In desperation, Jevick seeks the aid of Olondrian priests and quickly becomes a pawn in the struggle between the empire's two most powerful cults. Yet even as the country shimmers on the cusp of war, he must face his ghost and learn her story before he has any chance of becoming free by setting her free: an ordeal that challenges his understanding of art and life, home and exile, and the limits of that seductive necromancy, reading.
Samatar has a great gift for describing the unique pleasures of the books she reads. I'm looking forward to trying her fiction.
Cat Winters, In the Shadow of Blackbirds
In 1918, the world seems on the verge of apocalypse. Americans roam the streets in gauze masks to ward off the deadly Spanish influenza, and the government ships young men to the front lines of a brutal war, creating an atmosphere of fear and confusion. Sixteen-year-old Mary Shelley Black watches as desperate mourners flock to séances and spirit photographers for comfort, but she herself has never believed in ghosts. During her bleakest moment, however, she’s forced to rethink her entire way of looking at life and death, for her first love-a boy who died in battle-returns in spirit form. But what does he want from her?

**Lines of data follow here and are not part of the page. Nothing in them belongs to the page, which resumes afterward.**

(* Key cancellation: if R D_q f = 2 S f + T, then in the mixed q-Wronskian of
   eps_k = f P1 - psi1 and eps_n = f P - psi all terms involving f drop out.  Here h = t(1-q),
   P, psi are values at t and Pq, psi_q, fq values at q t. *)
lemma mixed_wronskian_closed_form:
  fixes h :: complex
  assumes pearson: "R * ((f - fq) / h) = 2 * S * f + T"
  shows "R * ((f * P1 - \<psi>1) * ((P - Pq) / h) - P1 * (((f * P - \<psi>) - (fq * Pq - \<psi>q)) / h))
           + 2 * S * (f * P1 - \<psi>1) * Pq
         = R * (P1 * ((\<psi> - \<psi>q) / h) - \<psi>1 * ((P - Pq) / h)) - T * P1 * Pq - 2 * S * \<psi>1 * Pq"
proof -
  have "R * ((f * P1 - \<psi>1) * ((P - Pq) / h) - P1 * (((f * P - \<psi>) - (fq * Pq - \<psi>q)) / h))
           + 2 * S * (f * P1 - \<psi>1) * Pq
      = R * (P1 * ((\<psi> - \<psi>q) / h) - \<psi>1 * ((P - Pq) / h)) - P1 * Pq * (R * ((f - fq) / h))
           + 2 * S * (f * P1 - \<psi>1) * Pq"
    unfolding divide_inverse by (simp add: algebra_simps)
  also have "\<dots> = R * (P1 * ((\<psi> - \<psi>q) / h) - \<psi>1 * ((P - Pq) / h)) - T * P1 * Pq - 2 * S * \<psi>1 * Pq"
    unfolding pearson by (simp add: algebra_simps)
  finally show ?thesis .
qed

(* The polynomial produced by this cancellation for the pair (eps_k, p_n): with psi_j the
   polynomial part of f p_j,  R (p_k D_q psi_n - psi_k D_q p_n) - T p_k p_n(qt) - 2 S psi_k p_n(qt). *)
definition Phi_poly :: "complex \<Rightarrow> (nat \<Rightarrow> complex \<Rightarrow> complex) \<Rightarrow> (nat \<Rightarrow> complex \<Rightarrow> complex poly)
    \<Rightarrow> (complex \<Rightarrow> complex poly) \<Rightarrow> (complex \<Rightarrow> complex poly) \<Rightarrow> (complex \<Rightarrow> complex poly)
    \<Rightarrow> nat \<Rightarrow> nat \<Rightarrow> complex \<Rightarrow> complex poly" where
  "Phi_poly q mu p R S T k n t =
     (let \<psi> = \<lambda>j s. polypart (\<lambda>i. mu i s) (p j s) in
       smult (1 / (t * (1 - q))) (R t * (p k t * (\<psi> n t - \<psi> n (q * t)) - \<psi> k t * (p n t - p n (q * t))))
       - T t * p k t * p n (q * t) - smult 2 (S t * \<psi> k t * p n (q * t)))"

lemma epsF_eq: "epsF mu p j x s = stieltjes (\<lambda>k. mu k s) x * pF p j x s - poly (polypart (\<lambda>k. mu k s) (p j s)) x"
  by (simp add: epsF_def epsf_def pF_def)

lemma mixed_Phi_value:
  assumes "poly (R t) x * qD q (\<lambda>x t. stieltjes (\<lambda>k. mu k t) x) x t
            = 2 * poly (S t) x * stieltjes (\<lambda>k. mu k t) x + poly (T t) x"
  shows "poly (R t) x * (epsF mu p k x t * qD q (pF p n) x t - pF p k x t * qD q (epsF mu p n) x t)
           + 2 * poly (S t) x * epsF mu p k x t * pF p n x (q * t)
         = poly (Phi_poly q mu p R S T k n t) x"
proof -
  let ?f = "\<lambda>s. stieltjes (\<lambda>k. mu k s) x" and ?h = "t * (1 - q)"
  let ?\<psi> = "\<lambda>j s. poly (polypart (\<lambda>i. mu i s) (p j s)) x"
  have pearson: "poly (R t) x * ((?f t - ?f (q * t)) / ?h) = 2 * poly (S t) x * ?f t + poly (T t) x"
    using assms by (simp add: qD_def)
  have "poly (R t) x * (epsF mu p k x t * qD q (pF p n) x t - pF p k x t * qD q (epsF mu p n) x t)
           + 2 * poly (S t) x * epsF mu p k x t * pF p n x (q * t)
      = poly (R t) x * ((?f t * pF p k x t - ?\<psi> k t) * ((pF p n x t - pF p n x (q * t)) / ?h)
          - pF p k x t * (((?f t * pF p n x t - ?\<psi> n t)
          - (?f (q * t) * pF p n x (q * t) - ?\<psi> n (q * t))) / ?h))
          + 2 * poly (S t) x * (?f t * pF p k x t - ?\<psi> k t) * pF p n x (q * t)"
    unfolding qD_def epsF_eq ..
  also have "\<dots> = poly (R t) x * (pF p k x t * ((?\<psi> n t - ?\<psi> n (q * t)) / ?h)
          - ?\<psi> k t * ((pF p n x t - pF p n x (q * t)) / ?h))
          - poly (T t) x * pF p k x t * pF p n x (q * t) - 2 * poly (S t) x * ?\<psi> k t * pF p n x (q * t)"
    by (rule mixed_wronskian_closed_form[OF pearson])
  also have "\<dots> = poly (Phi_poly q mu p R S T k n t) x"
    by (simp add: Phi_poly_def pF_def divide_inverse algebra_simps)
  finally show ?thesis .
qed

Featuring haunting archival early-twentieth-century photographs, this is a tense, romantic story set in a past that is eerily like our own time.
It features haunting archival early-twentieth-century photographs! How could I pass it up?
MAY
Holly Black, Doll Bones
Three kids - Zachary, Poppy and Alice - who go on a journey, despite their own uncertain friendship, to bury a doll that may or may not be made from human bones.
Susan Palwick, Mending the Moon
Melinda Soto, aged sixty-four, vacationing in Mexico, is murdered by a fellow American tourist.
Back in her hometown of Reno, Nevada, she leaves behind her adopted son, Jeremy, whom she rescued from war-torn Guatamala when he was a toddler-just one of her many causes over the years. And she leaves behind a circle of friends: Veronique, the academic stuck in a teaching job from which she can't retire; Rosemary, who's losing her husband to Alzheimer's and who's trying to lose herself in volunteer work; Henrietta, the priest at Rosemary's and Melinda's church.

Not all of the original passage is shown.